Continental Drift Theory

Continental Drift Theory: Abraham Ortelius first put forward the speculation that the continent might have ‘drifted’ in 1596.

The first comprehensive and fully developed Continental Drift Theory was proposed by a German meteorologist, Alfred Wegener in 1912. Alfred Wegener was the first person who used the phrase ‘continental drift’.

  • According to his hypothesis, all the continents were once been joined into a single landmass, called Pangaea, and a Mega Ocean surrounded this supercontinent. The name of the Mega Ocean was ‘Panthalassa’, before breaking apart and drifting to its recent location.
  • A sea named Tethys divides the Pangea into Laurasia to the north and Gondwanaland to the south Tethys.
  • In his speculation, the Pangaea started splitting during the Carboniferous period (before 200 million years ago) and broke into two large continental masses – Laurasia and Gondwanaland by which northern and southern components formed respectively.
  • Laurasia and Gondwanaland continued to break into various smaller continents that are existing today.

The Evidences supporting the Continental Drift Theory:

The Matching of Continents (Jig-Saw-Fit) or Apparent Affinity of Physical Feature:
  • The coastline of Africa and South America Facing each other has a remarkable match.
  • Africa, Madagascar, and the western coastline of India Seems had joined.


Continental-Drift-Theory- The Matching of Continents (Jig- Saw- Fit)
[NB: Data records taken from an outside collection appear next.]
lemma weak_grad_H10_mult:
  assumes u: "H1_with_grad \<Omega> u Du" and w: "H10_with_grad \<Omega> w Dw" and \<eta>: "test_fun \<Omega> \<eta>"
  shows "integrable (lebesgue_on \<Omega>) (\<lambda>x. u x *\<^sub>R (w x *\<^sub>R grad \<eta> x + \<eta> x *\<^sub>R Dw x))"
    and "integrable (lebesgue_on \<Omega>) (\<lambda>x. (w x * \<eta> x) *\<^sub>R Du x)"
    and "(\<integral>x. u x *\<^sub>R (w x *\<^sub>R grad \<eta> x + \<eta> x *\<^sub>R Dw x) \<partial>lebesgue_on \<Omega>)
      = - (\<integral>x. (w x * \<eta> x) *\<^sub>R Du x \<partial>lebesgue_on \<Omega>)"
proof -
  let ?M = "lebesgue_on \<Omega>"
  let ?D = "\<lambda>x. w x *\<^sub>R grad \<eta> x + \<eta> x *\<^sub>R Dw x"
  obtain y s C where y: "\<And>n. test_fun \<Omega> (y n)" and s: "\<And>n. square_integrable ?M (s n)"
    and s_lim: "(\<lambda>n. \<integral>x. (s n x)\<^sup>2 \<partial>?M) \<longlonglongrightarrow> 0"
    and yw: "\<And>n x. x \<in> \<Omega> \<Longrightarrow> \<bar>y n x - w x * \<eta> x\<bar> \<le> s n x * C"
    and Dyw: "\<And>n x. x \<in> \<Omega> \<Longrightarrow> norm (grad (y n) x - ?D x) \<le> s n x * C"
    using H10_mult_approximation[OF w \<eta>] by blast
  have u_L2: "square_integrable ?M u" "square_integrable ?M Du"
    using u unfolding H1_with_grad_def L2_on_def square_integrable_def by auto
  have [measurable]: "u \<in> borel_measurable ?M" "Du \<in> borel_measurable ?M"
    "w \<in> borel_measurable ?M" "Dw \<in> borel_measurable ?M"
    "\<eta> \<in> borel_measurable ?M" "grad \<eta> \<in> borel_measurable ?M"
    using u_L2 H10_square_integrable[OF w] test_fun_measurable[OF \<eta>]
    by (auto simp: square_integrable_def)
  have parts: "integrable ?M (\<lambda>x. u x *\<^sub>R grad (y n) x)" "integrable ?M (\<lambda>x. y n x *\<^sub>R Du x)"
    "(\<integral>x. u x *\<^sub>R grad (y n) x \<partial>?M) = - (\<integral>x. y n x *\<^sub>R Du x \<partial>?M)" for n
    using u y unfolding H1_with_grad_def weak_grad_def by blast+
  have dom_grad: "AE x in ?M. norm (u x *\<^sub>R grad (y n) x - u x *\<^sub>R ?D x) \<le> s n x * (C * \<bar>u x\<bar>)" for n
  proof (rule AE_lebesgue_onI)
    fix x assume "x \<in> \<Omega>"
    then have "\<bar>u x\<bar> * norm (grad (y n) x - ?D x) \<le> \<bar>u x\<bar> * (s n x * C)"
      using Dyw by (intro mult_left_mono) auto
    then show "norm (u x *\<^sub>R grad (y n) x - u x *\<^sub>R ?D x) \<le> s n x * (C * \<bar>u x\<bar>)"
      unfolding scaleR_diff_right[symmetric] norm_scaleR by (simp add: algebra_simps)
  qed
  have k_grad: "square_integrable ?M (\<lambda>x. C * \<bar>u x\<bar>)"
    by (rule square_integrable_dominated[OF u_L2(1), where C = "\<bar>C\<bar>"]) (auto simp: abs_mult)
  have "(\<lambda>x. u x *\<^sub>R ?D x) \<in> borel_measurable ?M" by measurable
  note lim_grad = tendsto_integral_L2_dominated[OF parts(1) this s s_lim k_grad dom_grad]
  have dom_Du: "AE x in ?M. norm (y n x *\<^sub>R Du x - (w x * \<eta> x) *\<^sub>R Du x) \<le> s n x * (C * norm (Du x))" for n
    using yw by (intro AE_lebesgue_onI)
      (simp add: scaleR_diff_left[symmetric] mult_right_mono mult.assoc[symmetric])
  have k_Du: "square_integrable ?M (\<lambda>x. C * norm (Du x))"
    by (rule square_integrable_dominated[OF u_L2(2), where C = "\<bar>C\<bar>"]) (auto simp: abs_mult)
  have "(\<lambda>x. (w x * \<eta> x) *\<^sub>R Du x) \<in> borel_measurable ?M" by measurable
  note lim_Du = tendsto_integral_L2_dominated[OF parts(2) this s s_lim k_Du dom_Du]
  show "integrable ?M (\<lambda>x. u x *\<^sub>R ?D x)" "integrable ?M (\<lambda>x. (w x * \<eta> x) *\<^sub>R Du x)"
    by (fact lim_grad(1), fact lim_Du(1))
  have "(\<lambda>n. \<integral>x. u x *\<^sub>R grad (y n) x \<partial>?M) \<longlonglongrightarrow> - (\<integral>x. (w x * \<eta> x) *\<^sub>R Du x \<partial>?M)"
    unfolding parts(3) by (rule tendsto_minus[OF lim_Du(2)])
  with lim_grad(2) show "(\<integral>x. u x *\<^sub>R ?D x \<partial>?M) = - (\<integral>x. (w x * \<eta> x) *\<^sub>R Du x \<partial>?M)"
    by (rule LIMSEQ_unique)
qed

lemma weak_grad_square:
  assumes w: "H10_with_grad \<Omega> w Dw"
  shows "weak_grad \<Omega> (\<lambda>x. (w x)\<^sup>2) (\<lambda>x. (2 * w x) *\<^sub>R Dw x)"
  unfolding weak_grad_def
proof (intro allI impI)
  fix \<eta> assume \<eta>: "test_fun \<Omega> \<eta>"
  let ?M = "lebesgue_on \<Omega>"
  let ?D = "\<lambda>x. w x *\<^sub>R grad \<eta> x + \<eta> x *\<^sub>R Dw x"
  have "H1_with_grad \<Omega> w Dw" using w unfolding H10_with_grad_def by blast
  note parts = weak_grad_H10_mult[OF this w \<eta>]
  have sq: "(\<lambda>x. (w x)\<^sup>2 *\<^sub>R grad \<eta> x) = (\<lambda>x. w x *\<^sub>R ?D x - (w x * \<eta> x) *\<^sub>R Dw x)"
    by (simp add: power2_eq_square algebra_simps)
  have D: "(\<lambda>x. \<eta> x *\<^sub>R (2 * w x) *\<^sub>R Dw x) = (\<lambda>x. 2 *\<^sub>R ((w x * \<eta> x) *\<^sub>R Dw x))"
    by (simp add: algebra_simps)
  have "(\<integral>x. w x *\<^sub>R ?D x - (w x * \<eta> x) *\<^sub>R Dw x \<partial>?M)
      = (\<integral>x. w x *\<^sub>R ?D x \<partial>?M) - (\<integral>x. (w x * \<eta> x) *\<^sub>R Dw x \<partial>?M)"
    by (rule Bochner_Integration.integral_diff[OF parts(1,2)])
  also have "\<dots> = - (2 *\<^sub>R (\<integral>x. (w x * \<eta> x) *\<^sub>R Dw x \<partial>?M))"
    unfolding parts(3) by (simp add: scaleR_2)
  also have "\<dots> = - (\<integral>x. 2 *\<^sub>R ((w x * \<eta> x) *\<^sub>R Dw x) \<partial>?M)"
    by (simp only: integral_scaleR_right)
  finally show "integrable ?M (\<lambda>x. (w x)\<^sup>2 *\<^sub>R grad \<eta> x) \<and>
        integrable ?M (\<lambda>x. \<eta> x *\<^sub>R (2 * w x) *\<^sub>R Dw x) \<and>
        (\<integral>x. (w x)\<^sup>2 *\<^sub>R grad \<eta> x \<partial>?M) = - (\<integral>x. \<eta> x *\<^sub>R (2 * w x) *\<^sub>R Dw x \<partial>?M)"
    unfolding sq D
    using Bochner_Integration.integrable_diff[OF parts(1,2)]
      integrable_scaleR_right[OF parts(2)] by blast
qed

lemma weakly_divergence_free_H10_mult:
  assumes B: "weakly_divergence_free \<Omega> B" "square_integrable (lebesgue_on \<Omega>) B"
    and w: "H10_with_grad \<Omega> w Dw" and \<zeta>: "test_fun \<Omega> \<zeta>"
  shows "(\<integral>x. B x \<bullet> (w x *\<^sub>R grad \<zeta> x + \<zeta> x *\<^sub>R Dw x) \<partial>lebesgue_on \<Omega>) = 0"
proof -
  let ?M = "lebesgue_on \<Omega>"
  let ?D = "\<lambda>x. w x *\<^sub>R grad \<zeta> x + \<zeta> x *\<^sub>R Dw x"
  obtain y s C where y: "\<And>n. test_fun \<Omega> (y n)" and s: "\<And>n. square_integrable ?M (s n)"
    and s_lim: "(\<lambda>n. \<integral>x. (s n x)\<^sup>2 \<partial>?M) \<longlonglongrightarrow> 0"
    and Dyw: "\<And>n x. x \<in> \<Omega> \<Longrightarrow> norm (grad (y n) x - ?D x) \<le> s n x * C"
    by (rule H10_mult_approximation[OF w \<zeta>]) blast
  have [measurable]: "B \<in> borel_measurable ?M" "w \<in> borel_measurable ?M" "Dw \<in> borel_measurable ?M"
    "\<zeta> \<in> borel_measurable ?M" "grad \<zeta> \<in> borel_measurable ?M"
    using B(2) H10_square_integrable[OF w] test_fun_measurable[OF \<zeta>]
    by (auto simp: square_integrable_def)
  have f: "integrable ?M (\<lambda>x. B x \<bullet> grad (y n) x)" for n
    using test_fun_square_integrable[OF y] by (intro integrable_inner[OF B(2)]) blast
  have dom: "AE x in ?M. norm (B x \<bullet> grad (y n) x - B x \<bullet> ?D x) \<le> s n x * (C * norm (B x))" for n
  proof (rule AE_lebesgue_onI)
    fix x assume "x \<in> \<Omega>"
    then have "norm (B x) * norm (grad (y n) x - ?D x) \<le> norm (B x) * (s n x * C)"
      using Dyw by (intro mult_left_mono) auto
    then show "norm (B x \<bullet> grad (y n) x - B x \<bullet> ?D x) \<le> s n x * (C * norm (B x))"
      using Cauchy_Schwarz_ineq2[of "B x" "grad (y n) x - ?D x"]
      by (simp add: algebra_simps)
  qed
  have k: "square_integrable ?M (\<lambda>x. C * norm (B x))"
    by (rule square_integrable_dominated[OF B(2), where C = "\<bar>C\<bar>"]) (auto simp: abs_mult)
  have "(\<lambda>x. B x \<bullet> ?D x) \<in> borel_measurable ?M" by measurable
  note tendsto_integral_L2_dominated(2)[OF f this s s_lim k dom]
  moreover have "(\<integral>x. B x \<bullet> grad (y n) x \<partial>?M) = 0" for n
    using B(1) y unfolding weakly_divergence_free_def by blast
  ultimately show ?thesis
    using LIMSEQ_unique[OF _ tendsto_const] by simp
qed

lemma C1_closure_grad_square_integrable:
  assumes "C1_closure_with_grad \<Omega> f Df"
  shows "square_integrable (lebesgue_on \<Omega>) Df"
proof -
  have cont: "continuous_on (closure \<Omega>) Df"
    using assms unfolding C1_closure_with_grad_def by blast
  have "bounded (Df ` closure \<Omega>)"
    using compact_imp_bounded[OF compact_continuous_image[OF cont]] \<Omega>_bounded by simp
  then obtain C where C: "\<And>x. x \<in> closure \<Omega> \<Longrightarrow> norm (Df x) \<le> C"
    unfolding bounded_iff by blast
  show ?thesis
  proof (rule square_integrable_bounded[OF finite_measure_\<Omega>])
    show "Df \<in> borel_measurable (lebesgue_on \<Omega>)"
      using continuous_imp_measurable_on_sets_lebesgue[OF continuous_on_subset[OF cont closure_subset]
          lebesgue_sets_\<Omega>] .
    show "AE x in lebesgue_on \<Omega>. norm (Df x) \<le> C"
      using C closure_subset by (auto intro!: AE_lebesgue_onI)
  qed
qed
lemma has_L2_gradient_imp_directional_derivative:
  assumes grad: "has_L2_gradient F \<mu> \<xi> g" and h: "h \<in> L2 \<mu>"
  shows "((\<lambda>t. F (\<lambda>x. \<xi> x + t *\<^sub>R h x)) has_real_derivative l2_inner \<mu> g h) (at 0)"
proof -
  have "\<exists>s>0. \<forall>t. t \<noteq> 0 \<and> \<bar>t\<bar> < s \<longrightarrow>
      \<bar>(F (\<lambda>x. \<xi> x + t *\<^sub>R h x) - F \<xi>) / t - l2_inner \<mu> g h\<bar> < r" if "r > 0" for r
  proof -
    obtain s where "s > 0" and s: "\<forall>t. \<bar>t\<bar> < s \<longrightarrow>
        \<bar>F (\<lambda>x. \<xi> x + t *\<^sub>R h x) - F \<xi> - t * l2_inner \<mu> g h\<bar> \<le> r / 2 * \<bar>t\<bar>"
      using has_L2_gradient_along_line[OF grad h, of "r / 2"] \<open>r > 0\<close> by auto
    have "\<bar>(F (\<lambda>x. \<xi> x + t *\<^sub>R h x) - F \<xi>) / t - l2_inner \<mu> g h\<bar> < r"
      if "t \<noteq> 0" "\<bar>t\<bar> < s" for t
    proof -
      have "(F (\<lambda>x. \<xi> x + t *\<^sub>R h x) - F \<xi>) / t - l2_inner \<mu> g h
          = (F (\<lambda>x. \<xi> x + t *\<^sub>R h x) - F \<xi> - t * l2_inner \<mu> g h) / t"
        using \<open>t \<noteq> 0\<close> by (simp add: field_simps)
      moreover have "\<bar>F (\<lambda>x. \<xi> x + t *\<^sub>R h x) - F \<xi> - t * l2_inner \<mu> g h\<bar> / \<bar>t\<bar> \<le> r / 2"
        using s \<open>\<bar>t\<bar> < s\<close> \<open>t \<noteq> 0\<close> by (simp add: pos_divide_le_eq)
      ultimately show ?thesis
        using \<open>r > 0\<close> by (simp only: abs_divide)
    qed
    then show ?thesis
      using \<open>s > 0\<close> by blast
  qed
  then show ?thesis
    by (simp add: has_field_derivative_iff LIM_eq)
qed
definition expansive_on :: "'b::metric_space set \<Rightarrow> ('b \<Rightarrow> 'b) \<Rightarrow> bool" where
  "expansive_on X f \<longleftrightarrow> (\<exists>e>0. \<forall>x\<in>X. \<forall>y\<in>X. x \<noteq> y \<longrightarrow>
     (\<exists>n::int. (if n \<ge> 0 then dist ((f ^^ nat n) x) ((f ^^ nat n) y)
                else setdist {z\<in>X. (f ^^ nat (-n)) z = x} {z\<in>X. (f ^^ nat (-n)) z = y}) > e))"

end

(*
  The zeroth coordinate of \<phi> is locally constant on X, so by compactness (a Lebesgue
  number argument) points of X with different zeroth coordinates are at least some e > 0
  apart. If \<phi> x and \<phi> y differ at a coordinate i \<ge> 0, then the zeroth coordinates of
  f^i x and f^i y differ. If they differ at some i < 0, then every |i|-th preimage z of x
  satisfies \<tau> (\<phi> z 0) = \<phi> x i, and likewise for y, so all |i|-th preimages of x have
  zeroth coordinates different from those of y, and the two preimage sets are e apart;
  they are nonempty because the zip shift is onto.
*)

theory Submission
  imports Defs
begin

lemma zip_M_le: "x i \<noteq> y i \<Longrightarrow> zip_M x y \<le> nat \<bar>i\<bar>"
  unfolding zip_M_def by (rule Least_le) blast

lemma zip_M_witness: "x \<noteq> y \<Longrightarrow> \<exists>i. nat \<bar>i\<bar> = zip_M x y \<and> x i \<noteq> y i"
  unfolding zip_M_def by (rule LeastI_ex) (auto simp: fun_eq_iff)

lemma zip_M_commute: "zip_M x y = zip_M y x"
  unfolding zip_M_def by metis

lemma zip_dist_nonneg: "0 \<le> zip_dist x y"
  by (simp add: zip_dist_def)
text \<open>The positions of pi_(h+1) a_(h+2) in w (in the paper's 1-based numbering).\<close>

definition segment :: "nat \<Rightarrow> nat set" where
  "segment h = {letter_pos pis h + 1..<letter_pos pis (Suc h) + 1}"

lemma w_nth_mirror_in_segment:
  assumes "h < length pis" "i < j" "j \<le> length (pis ! h)"
  shows "w ! (letter_pos pis h + j - i) = w ! (letter_pos pis (Suc h) - j + i)"
proof -
  let ?p = "pis ! h"
  have "w ! (letter_pos pis h + j - i) = ?p ! (j - 1 - i)"
    using w_nth_pis[OF assms(1), of "j - 1 - i"] assms(2,3) by (simp add: Suc_diff_Suc)
  also have "\<dots> = rev ?p ! (j - 1 - i)"
    using rev_pis[OF assms(1)] by simp
  also have "\<dots> = ?p ! (length ?p - j + i)"
    using assms(2,3) by (simp add: rev_nth Suc_diff_Suc)
  also have "\<dots> = w ! (letter_pos pis h + 1 + (length ?p - j + i))"
    using w_nth_pis[OF assms(1), of "length ?p - j + i"] assms(2,3) by simp
  also have "letter_pos pis h + 1 + (length ?p - j + i) = letter_pos pis (Suc h) - j + i"
    using assms(2,3) by (simp add: letter_pos_Suc)
  finally show ?thesis .
qed

text \<open>
  The conjugate reading w backwards from the j-th letter of pis ! h agrees on j letters with the
  conjugate starting j letters before as ! Suc h, since pis ! h is a palindrome, and then reads
  as ! h < as ! Suc h.
\<close>

lemma rank_add_rank_mirror_ge:
  assumes h: "h < length pis" and j: "j \<le> length (pis ! h)"
  shows "length w \<le> rank (letter_pos pis h + 1 + j) + rank (letter_pos pis (Suc h) - j)"
proof -
  obtain c
    where rank_c: "\<And>t. t \<le> length w \<Longrightarrow> rank (c + length w - t) + rank t = length w - 1"
      and read_back: "\<And>t i. i < t \<Longrightarrow> t \<le> length w \<Longrightarrow>
        rotate (c + length w - t) w ! i = w ! (t - 1 - i)"
    using reversal_shift_exists by blast
  define t where "t = letter_pos pis h + 1 + j"
  define T where "T = letter_pos pis (Suc h)"
  have "T < length w"
    using letter_pos_less_length[of "Suc h"] h by (simp add: T_def)
  moreover have "t \<le> T"
    using j by (simp add: t_def T_def letter_pos_Suc)
  ultimately have t: "j < t" "t < length w"
    by (simp_all add: t_def)
  have "rotate (c + length w - t) w < rotate (T - j) w"
  proof (rule list_less_nthI[where j = j])
    show "j < length (rotate (c + length w - t) w)" "j < length (rotate (T - j) w)"
      using t by simp_all
    show "rotate (c + length w - t) w ! i = rotate (T - j) w ! i" if "i < j" for i
      using read_back[of i t] nth_rotate_no_wrap[of "T - j" i w]
        w_nth_mirror_in_segment[OF h that j] that t \<open>T < length w\<close> \<open>t \<le> T\<close>
      by (simp add: t_def T_def)
    have "rotate (c + length w - t) w ! j = as ! h"
      using read_back[of j t] t w_nth_letter_pos[of h] h by (simp add: t_def)
    also have "\<dots> < as ! Suc h"
      using sorted_as h length_as by (simp add: sorted_wrt_nth_less)
    also have "\<dots> = rotate (T - j) w ! j"
      using nth_rotate_no_wrap[of "T - j" j w] w_nth_letter_pos[of "Suc h"] h
        \<open>T < length w\<close> \<open>t \<le> T\<close> t
      by (simp add: T_def)
    finally show "rotate (c + length w - t) w ! j < rotate (T - j) w ! j" .
  qed
  then have "rank (c + length w - t) < rank (T - j)"
    by (rule rank_strict_mono)
  with rank_c[of t] t show ?thesis
    by (simp add: t_def T_def)
qed

lemma segment_sum_le:
  assumes h: "h < length pis"
  shows "(\<Sum>t\<in>segment h. length w) \<le> 2 * (\<Sum>t\<in>segment h. rank t)"
proof -
  define a where "a = letter_pos pis h + 1"
  define b where "b = letter_pos pis (Suc h) + 1"
  have "length w \<le> rank t + rank (b + a - Suc t)" if "t \<in> {a..<b}" for t
  proof -
    have "t - a \<le> length (pis ! h)"
      using that by (simp add: a_def b_def letter_pos_Suc) linarith
    then have "length w \<le>
        rank (letter_pos pis h + 1 + (t - a)) + rank (letter_pos pis (Suc h) - (t - a))"
      by (rule rank_add_rank_mirror_ge[OF h])
    moreover have "letter_pos pis h + 1 + (t - a) = t"
      "letter_pos pis (Suc h) - (t - a) = b + a - Suc t"
      using that by (simp_all add: a_def b_def letter_pos_Suc)
    ultimately show ?thesis
      by (simp only:)
  qed
  then have "(\<Sum>t\<in>{a..<b}. length w) \<le> (\<Sum>t\<in>{a..<b}. rank t + rank (b + a - Suc t))"
    by (rule sum_mono)
  also have "\<dots> = (\<Sum>t\<in>{a..<b}. rank t) + (\<Sum>t\<in>{a..<b}. rank t)"
    by (simp add: sum.distrib flip: sum.atLeastLessThan_rev)
  finally show ?thesis
    by (simp add: segment_def a_def b_def)
qed

text \<open>
  Summed over all segments, the left-hand sides of segment_sum_le give |w| (|w| - 1), which by
  sum_rank_le bounds the sum of the right-hand sides; so every segment is tight.
\<close>

lemma segment_sum_eq:
  assumes h: "h < length pis"
  shows "2 * (\<Sum>t\<in>segment h. rank t) = length w * (letter_pos pis (Suc h) - letter_pos pis h)"
proof -
  define f where "f h = letter_pos pis h + 1" for h
  define F where "F h = (\<Sum>t\<in>segment h. length w)" for h
  define G where "G h = 2 * (\<Sum>t\<in>segment h. rank t)" for h
  have segment_f: "segment h = {f h..<f (Suc h)}" for h
    by (simp add: segment_def f_def)
  have mono_f: "mono f"
    using mono_letter_pos by (simp add: f_def mono_def)
  have f_bounds: "f 0 = 1" "f (length pis) = length w"
    by (simp_all add: f_def length_w)
  have F_le_G: "F h \<le> G h" if "h < length pis" for h
    using segment_sum_le[OF that] by (simp only: F_def G_def)
  have "sum G {..<length pis} = 2 * (\<Sum>t\<in>{1..<length w}. rank t)"
    unfolding G_def segment_f
    by (simp only: sum_distrib_left[symmetric] sum_sum_consecutive_intervals[OF mono_f] f_bounds)
  also have "\<dots> \<le> length w * (length w - 1)"
    by (rule sum_rank_le)
  also have "\<dots> = (\<Sum>t\<in>{1..<length w}. length w)"
    by simp
  also have "\<dots> = sum F {..<length pis}"
    unfolding F_def segment_f by (simp only: sum_sum_consecutive_intervals[OF mono_f] f_bounds)
  finally have "sum G {..<length pis} \<le> sum F {..<length pis}" .
  moreover have "sum F {..<length pis} \<le> sum G {..<length pis}"
    using F_le_G by (intro sum_mono) simp
  ultimately have "sum F {..<length pis} = sum G {..<length pis}"
    by simp
  then have "F h = G h"
    by (rule sum_mono_inv[of F _ G]) (use F_le_G h in auto)
  moreover have "F h = length w * (letter_pos pis (Suc h) - letter_pos pis h)"
    by (simp add: F_def segment_def)
  ultimately show ?thesis
    by (simp only: G_def)
qed
lemma card_GFp_star_times_theta_powers:
  assumes z: "z \<in> GFq_star"
  shows "card {(a, i). a \<in> GFp_star \<and> i < K \<and> a * \<theta> ^ i = z} = (p - 1) div N"
proof -
  let ?A = "{(a, i). a \<in> GFp_star \<and> i < K \<and> a * \<theta> ^ i = z}"
  have "inj_on fst ?A"
  proof (rule inj_onI)
    fix x y assume "x \<in> ?A" "y \<in> ?A" "fst x = fst y"
    then obtain a i j where xy: "x = (a, i)" "y = (a, j)" "a \<in> GFp_star" "i < K" "j < K"
      "a * \<theta> ^ i = a * \<theta> ^ j" by auto
    then have "\<theta> ^ i = \<theta> ^ j" by (simp add: GFp_star_def)
    then show "x = y" using theta_power_inj xy by blast
  qed
  moreover have "fst ` ?A = {a\<in>GFp_star. a ^ K = z ^ K}"
  proof (intro equalityI subsetI)
    fix a assume "a \<in> fst ` ?A"
    then obtain i where "a \<in> GFp_star" "z = a * \<theta> ^ i" by force
    then show "a \<in> {a\<in>GFp_star. a ^ K = z ^ K}"
      using theta_root by (simp add: power_mult_distrib power_mult[symmetric] mult.commute[of i]
          power_mult)
  next
    fix a assume a: "a \<in> {a\<in>GFp_star. a ^ K = z ^ K}"
    then have "a \<noteq> 0" "z \<noteq> 0" using z by (auto simp: GFp_star_def GFq_star_def)
    then have "(z / a) ^ K = 1" using a by (simp add: power_divide)
    then obtain i where "i < K" "z / a = \<theta> ^ i" using roots_of_unity_theta_powers by blast
    then have "(a, i) \<in> ?A" using a \<open>a \<noteq> 0\<close> by (auto simp: field_simps)
    then show "a \<in> fst ` ?A" by force
  qed
  ultimately show ?thesis using card_image[of fst ?A] card_GFp_star_power_K_eq[OF z] by simp
qed
text \<open>Below \<open>\<surd>q\<close> the trivial bound \<open>\<pi>(y) \<le> y\<close> is used, above it Chebyshev's bound, where
  \<open>ln y \<ge> ln q / 2\<close>.\<close>
lemma prime_pi_le_mixed_bound:
  assumes q: "4 \<le> real q" and yz: "real y \<le> z"
  shows "real (prime_pi y) \<le> 16 * z / ln (real q) + sqrt (sqrt (real q)) * sqrt z"
proof -
  have lq: "0 < ln (real q)"
    using q by simp
  have z: "0 \<le> z"
    using yz of_nat_0_le_iff order_trans by blast
  show ?thesis
  proof (cases "q \<le> y * y")
    case True
    then have "real q \<le> real y * real y"
      by (simp flip: of_nat_mult)
    have y2: "2 \<le> real y"
    proof (rule ccontr)
      assume "\<not> 2 \<le> real y"
      then have "y * y \<le> 1 * 1"
        by (intro mult_le_mono) auto
      then show False
        using True q by simp
    qed
    have "ln (real q) \<le> ln (real y * real y)"
      using \<open>real q \<le> real y * real y\<close> q by (subst ln_le_cancel_iff) auto
    also have "\<dots> = 2 * ln (real y)"
      using y2 by (simp add: ln_mult)
    finally have lqy: "ln (real q) / 2 \<le> ln (real y)"
      by simp
    have "real (prime_pi y) \<le> 8 * real y / ln (real y)"
      using prime_pi_mult_ln_le[of y] y2 by (simp add: field_simps)
    also have "\<dots> \<le> 8 * real y / (ln (real q) / 2)"
      using lqy lq y2 by (intro divide_left_mono) auto
    also have "\<dots> \<le> 16 * z / ln (real q)"
      using yz lq by (simp add: divide_right_mono)
    finally show ?thesis
      using z by (simp add: add_increasing2)
  next
    case False
    then have "real y * real y < real q"
      by (simp flip: of_nat_mult)
    then have "sqrt (real y) \<le> sqrt (sqrt (real q))"
      by (simp add: real_le_rsqrt power2_eq_square)
    moreover have "sqrt (real y) \<le> sqrt z"
      using yz by simp
    ultimately have "sqrt (real y) * sqrt (real y) \<le> sqrt (sqrt (real q)) * sqrt z"
      by (intro mult_mono) auto
    then have "real (prime_pi y) \<le> sqrt (sqrt (real q)) * sqrt z"
      using prime_pi_le[of y] by simp
    then show ?thesis
      using z lq by (simp add: add_increasing)
  qed
qed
The Matching of Continents (Jig-Saw-Fit)


Rocks of the same age across the Ocean:
  • The methods of radiometric dating have correlated the rock formation in different continents across the oceans.
  • The Caledonian and Hercynian mountains of Europe and the Appalachians of the USA seem to be of the same and continuous series.
  • The rock belts around the coast of Brazil match with the rock belt found in Western Africa.
Tillite deposits
  • These are sedimentary rocks formed by the deposit of glaciers.
  • The tillite in the Gondwana system of sediments in India is also found in six different landmasses in the southern hemisphere. It is found in the Gondwana system in India, Africa, Falkland, Madagascar, Antarctica, and Australia. These all were previously a part of Gondwana as it gives clear evidence for paleoclimates and the drifting of continents.
Placer Deposits
  • The plentiful placer deposits of gold found at Ghana’s coast (in West Africa) do not have source rock in the region but the sources are in Brazil. So the gold deposits of Ghana are derived from The Brazil Plateau when the two continents lay side by side.
Distribution of Fossils
  • Identical species of flora and fauna (plants and animals) adapted to live on land or in Aquatic habitat – Freshwater, are found on either side of the marine barriers. e.g. The remains of Mesosauraus a freshwater reptile (- 286 to 258 million years ago) are found in southern Africa and Eastern South America (Travers formation of Brazil).
  • The lemurs that occur in India, Madagascar, and Africa led to consider the contiguous landmass ‘Lemuria’ which connects these three landmasses.
  • The fossil of the seed fern Glossopteris was also found on the continent side by side.


Wegener_fossil_map: Fossil patterns across continents (Gondwanaland)

Wegener_fossil_map: Fossil patterns across continents (Gondwanaland)


Force for Drifting
  • According to Wagener, the Drift was in two directions due to centrifugal force and tidal currents.
  • The drifting was towards the equator due to the centrifugal effect.
  • The Westward movement of continents was due to the tidal force of the moon and the sun. So the forces of the moon to less extent but the forces of the sun played a major role. Although most Scholars found these forces to be insufficient.
  • According to Wegener, Earth’s Gravity, the buoyancy of seas, and tidal currents were the main factors that caused the drift.

Drawbacks and Criticism of the Theory:

  • Alfred Wegener considered drifting only in the Mesozoic era, he failed to explain why drifting did not begin before.
  • It only considers continents but not oceans.
  • He took proofs mostly based on assumptions that are generalist
  • The tidal currents, Buoyancy, and gravity are weak forces and these are not able to move continents.
  • Plate Tectonics accepts the existence of Pangaea and related landmasses, but it gives a different explanation for the causes of drifting.

Conclusion: On various grounds, it was criticized but the Wegener’s theory is a significant milestone, the theory was incorporated into the theory of Plate Tectonics.